(* Two groups $k,k'\in[K]$ are oracle-equivalent if and only if the optimal loss $l^*((1-\alpha)\mathbf{e}_k+\alpha\mathbf{e}_{k'})$ is constant for all $\alpha\in[0,1]$.
   Context: $K$ groups with fixed distributions $D_k$ over $\mathcal{X}\times\mathcal{Y}$; hypothesis class $\mathcal{H}$, loss $\mathcal{L}:\mathcal{Y}\times\mathcal{Y}\to\mathbb{R}$. For $\mathbf{p}\in\Delta^K$, $D_{\mathbf{p}}=\sum_jp_jD_j$, $\mathcal{L}_{\mathbf{p}}(h)=\mathbb{E}_{D_{\mathbf{p}}}[\mathcal{L}(h(x),y)]$, $\mathcal{L}_{D_j}(h)=\mathcal{L}_j(h)=\mathbb{E}_{D_j}[\mathcal{L}(h(x),y)]$, and $l^*(\mathbf{p})=\min_{h\in\mathcal{H}}\mathcal{L}_{\mathbf{p}}(h)$ (minima assumed attained). $\mathbf{e}_j$ is the $j$-th vertex of the simplex. A set $K^*\subseteq[K]$ is oracle-equivalent if there exists $h\in\bigcap_{j\in K^*}\arg\min_{h'\in\mathcal{H}}\mathcal{L}_{D_j}(h')$ with $\mathcal{L}_{j_1}(h)=\mathcal{L}_{j_2}(h)$ for all $j_1,j_2\in K^*$. *)

theory Defs
  imports "HOL-Probability.Probability"
begin

text \<open>Groups are indexed by \<open>{..<K}\<close> (standing for [K]). A weight vector is a
function \<open>nat \<Rightarrow> real\<close> supported on \<open>{..<K}\<close>.\<close>

definition prob_simplex :: "nat \<Rightarrow> (nat \<Rightarrow> real) set" where
  "prob_simplex K = {p. (\<forall>j. 0 \<le> p j) \<and> (\<forall>j\<ge>K. p j = 0) \<and> (\<Sum>j<K. p j) = 1}"

definition vertex :: "nat \<Rightarrow> nat \<Rightarrow> real" where
  "vertex k = (\<lambda>j. if j = k then 1 else 0)"

definition loss_on :: "('y \<Rightarrow> 'y \<Rightarrow> real) \<Rightarrow> ('x \<times> 'y) measure \<Rightarrow> ('x \<Rightarrow> 'y) \<Rightarrow> real" where
  "loss_on L D h = (\<integral>z. L (h (fst z)) (snd z) \<partial>D)"

text \<open>Loss under the mixture D_p = sum_j p_j D_j (expanded by linearity of expectation).\<close>
definition mix_loss :: "nat \<Rightarrow> (nat \<Rightarrow> ('x \<times> 'y) measure) \<Rightarrow> ('y \<Rightarrow> 'y \<Rightarrow> real)
    \<Rightarrow> (nat \<Rightarrow> real) \<Rightarrow> ('x \<Rightarrow> 'y) \<Rightarrow> real" where
  "mix_loss K D L p h = (\<Sum>j<K. p j * loss_on L (D j) h)"

definition opt_loss :: "nat \<Rightarrow> (nat \<Rightarrow> ('x \<times> 'y) measure) \<Rightarrow> ('x \<Rightarrow> 'y) set
    \<Rightarrow> ('y \<Rightarrow> 'y \<Rightarrow> real) \<Rightarrow> (nat \<Rightarrow> real) \<Rightarrow> real" where
  "opt_loss K D H L p = (INF h\<in>H. mix_loss K D L p h)"

definition argmin_on :: "('a \<Rightarrow> real) \<Rightarrow> 'a set \<Rightarrow> 'a set" where
  "argmin_on f H = {h \<in> H. \<forall>h'\<in>H. f h \<le> f h'}"

definition oracle_equivalent :: "(nat \<Rightarrow> ('x \<times> 'y) measure) \<Rightarrow> ('x \<Rightarrow> 'y) set
    \<Rightarrow> ('y \<Rightarrow> 'y \<Rightarrow> real) \<Rightarrow> nat set \<Rightarrow> bool" where
  "oracle_equivalent D H L Ks \<longleftrightarrow>
     (\<exists>h. (\<forall>j\<in>Ks. h \<in> argmin_on (loss_on L (D j)) H) \<and>
          (\<forall>j1\<in>Ks. \<forall>j2\<in>Ks. loss_on L (D j1) h = loss_on L (D j2) h))"

end

theory Submission
  imports Defs
begin

text \<open>Along the segment from \<open>e\<^sub>k\<close> to \<open>e\<^sub>k'\<close> the mixture loss is
  \<open>(1 - \<alpha>) f + \<alpha> g\<close> with \<open>f, g\<close> the two group losses. A common minimiser of \<open>f\<close> and \<open>g\<close>
  with equal values minimises every such combination, so the optimal loss is constant.
  Conversely, if it is a constant \<open>c\<close>, the endpoints give \<open>c = min f = min g\<close>, and a
  minimiser \<open>h\<close> of \<open>(f + g)/2\<close> satisfies \<open>f h + g h = 2c\<close> with \<open>f h, g h \<ge> c\<close>, so
  \<open>h\<close> is a common minimiser with \<open>f h = g h = c\<close>.\<close>

lemma INF_eq_argmin_on:
  fixes F :: "'a \<Rightarrow> real"
  assumes "h \<in> argmin_on F H"
  shows "(INF x\<in>H. F x) = F h"
  using assms unfolding argmin_on_def by (auto intro: cInf_eq_minimum)

lemma argmin_on_convex_combination:
  fixes f g :: "'a \<Rightarrow> real"
  assumes "h \<in> argmin_on f H" "h \<in> argmin_on g H" "0 \<le> \<alpha>" "\<alpha> \<le> 1"
  shows "h \<in> argmin_on (\<lambda>h. (1 - \<alpha>) * f h + \<alpha> * g h) H"
  using assms unfolding argmin_on_def by (auto intro!: add_mono mult_left_mono)

lemma common_argmin_on_iff_constant_INF:
  fixes f g :: "'a \<Rightarrow> real"
  assumes attained: "\<forall>\<alpha>\<in>{0..1}. argmin_on (\<lambda>h. (1 - \<alpha>) * f h + \<alpha> * g h) H \<noteq> {}"
  shows "(\<exists>h. h \<in> argmin_on f H \<and> h \<in> argmin_on g H \<and> f h = g h) \<longleftrightarrow>
    (\<exists>c. \<forall>\<alpha>\<in>{0..1}. (INF h\<in>H. (1 - \<alpha>) * f h + \<alpha> * g h) = c)"
proof
  assume "\<exists>h. h \<in> argmin_on f H \<and> h \<in> argmin_on g H \<and> f h = g h"
  then obtain h where h: "h \<in> argmin_on f H" "h \<in> argmin_on g H" "f h = g h"
    by blast
  have "(INF h\<in>H. (1 - \<alpha>) * f h + \<alpha> * g h) = f h" if "\<alpha> \<in> {0..1}" for \<alpha>
    using INF_eq_argmin_on[OF argmin_on_convex_combination[OF h(1,2)]] that h(3)
    by (simp add: algebra_simps)
  then show "\<exists>c. \<forall>\<alpha>\<in>{0..1}. (INF h\<in>H. (1 - \<alpha>) * f h + \<alpha> * g h) = c"
    by blast
next
  assume "\<exists>c. \<forall>\<alpha>\<in>{0..1}. (INF h\<in>H. (1 - \<alpha>) * f h + \<alpha> * g h) = c"
  then obtain c where c: "\<And>\<alpha>. \<alpha> \<in> {0..1} \<Longrightarrow> (INF h\<in>H. (1 - \<alpha>) * f h + \<alpha> * g h) = c"
    by blast
  have min_at: "\<exists>h. h \<in> argmin_on (\<lambda>h. (1 - \<alpha>) * f h + \<alpha> * g h) H \<and>
      (1 - \<alpha>) * f h + \<alpha> * g h = c" if "\<alpha> \<in> {0..1}" for \<alpha>
    using attained c[OF that] INF_eq_argmin_on that by fastforce
  obtain h0 where "h0 \<in> argmin_on f H" "f h0 = c"
    using min_at[of 0] by auto
  then have f_ge: "c \<le> f h'" if "h' \<in> H" for h'
    using that unfolding argmin_on_def by auto
  obtain h1 where "h1 \<in> argmin_on g H" "g h1 = c"
    using min_at[of 1] by auto
  then have g_ge: "c \<le> g h'" if "h' \<in> H" for h'
    using that unfolding argmin_on_def by auto
  obtain h where h: "h \<in> H" "f h / 2 + g h / 2 = c"
    using min_at[of "1/2"] unfolding argmin_on_def by auto
  moreover have "c \<le> f h" "c \<le> g h"
    using f_ge g_ge h(1) by auto
  ultimately have "f h = c" "g h = c"
    by linarith+
  then have "h \<in> argmin_on f H" "h \<in> argmin_on g H"
    using h(1) f_ge g_ge by (simp_all add: argmin_on_def)
  with \<open>f h = c\<close> \<open>g h = c\<close> show "\<exists>h. h \<in> argmin_on f H \<and> h \<in> argmin_on g H \<and> f h = g h"
    by auto
qed

lemma sum_vertex_mult:
  assumes "k < K"
  shows "(\<Sum>j<K. vertex k j * x j) = x k"
  using assms by (simp add: vertex_def if_distrib[of "\<lambda>v. v * _"] cong: if_cong)

lemma mix_loss_segment:
  assumes "k < K" "k' < K"
  shows "mix_loss K D L (\<lambda>j. (1 - \<alpha>) * vertex k j + \<alpha> * vertex k' j) h
       = (1 - \<alpha>) * loss_on L (D k) h + \<alpha> * loss_on L (D k') h"
proof -
  have "mix_loss K D L (\<lambda>j. (1 - \<alpha>) * vertex k j + \<alpha> * vertex k' j) h
      = (1 - \<alpha>) * (\<Sum>j<K. vertex k j * loss_on L (D j) h)
        + \<alpha> * (\<Sum>j<K. vertex k' j * loss_on L (D j) h)"
    unfolding mix_loss_def sum_distrib_left sum.distrib[symmetric]
    by (rule sum.cong) (simp_all add: algebra_simps)
  then show ?thesis
    using assms by (simp add: sum_vertex_mult)
qed

lemma segment_in_prob_simplex:
  assumes "k < K" "k' < K" "0 \<le> \<alpha>" "\<alpha> \<le> 1"
  shows "(\<lambda>j. (1 - \<alpha>) * vertex k j + \<alpha> * vertex k' j) \<in> prob_simplex K"
proof -
  have "(\<Sum>j<K. (1 - \<alpha>) * vertex k j + \<alpha> * vertex k' j)
      = (1 - \<alpha>) * (\<Sum>j<K. vertex k j * 1) + \<alpha> * (\<Sum>j<K. vertex k' j * 1)"
    by (simp add: sum_distrib_left sum.distrib)
  then show ?thesis
    using assms by (auto simp: prob_simplex_def sum_vertex_mult vertex_def)
qed

theorem proposition8:
  fixes K :: nat and D :: "nat \<Rightarrow> ('x \<times> 'y) measure" and H :: "('x \<Rightarrow> 'y) set"
    and L :: "'y \<Rightarrow> 'y \<Rightarrow> real" and k k' :: nat
  assumes dists: "\<forall>j<K. prob_space (D j)"
    and integ: "\<forall>j<K. \<forall>h\<in>H. integrable (D j) (\<lambda>z. L (h (fst z)) (snd z))"
    and attained: "\<forall>p\<in>prob_simplex K. \<exists>h\<in>H. \<forall>h'\<in>H. mix_loss K D L p h \<le> mix_loss K D L p h'"
    and k: "k < K" and k': "k' < K"
  shows "oracle_equivalent D H L {k, k'} \<longleftrightarrow>
    (\<exists>c. \<forall>\<alpha>\<in>{0..1::real}.
       opt_loss K D H L (\<lambda>j. (1 - \<alpha>) * vertex k j + \<alpha> * vertex k' j) = c)"
proof -
  let ?f = "loss_on L (D k)" and ?g = "loss_on L (D k')"
  have "argmin_on (\<lambda>h. (1 - \<alpha>) * ?f h + \<alpha> * ?g h) H \<noteq> {}" if "\<alpha> \<in> {0..1}" for \<alpha>
  proof -
    from that have "(\<lambda>j. (1 - \<alpha>) * vertex k j + \<alpha> * vertex k' j) \<in> prob_simplex K"
      by (simp add: segment_in_prob_simplex[OF k k'])
    with attained show ?thesis
      by (force simp: argmin_on_def mix_loss_segment[OF k k'])
  qed
  then have "(\<exists>h. h \<in> argmin_on ?f H \<and> h \<in> argmin_on ?g H \<and> ?f h = ?g h) \<longleftrightarrow>
      (\<exists>c. \<forall>\<alpha>\<in>{0..1}. (INF h\<in>H. (1 - \<alpha>) * ?f h + \<alpha> * ?g h) = c)"
    by (intro common_argmin_on_iff_constant_INF) blast
  then show ?thesis
    unfolding oracle_equivalent_def opt_loss_def mix_loss_segment[OF k k'] by auto
qed

end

- _Assignment_:
Read the entries and select each line where the word "fixes" is found.

- _Your response_:
  fixes F :: "'a \<Rightarrow> real"
  fixes f g :: "'a \<Rightarrow> real"
  fixes f g :: "'a \<Rightarrow> real"
  fixes K :: nat and D :: "nat \<Rightarrow> ('x \<times> 'y) measure" and H :: "('x \<Rightarrow> 'y) set"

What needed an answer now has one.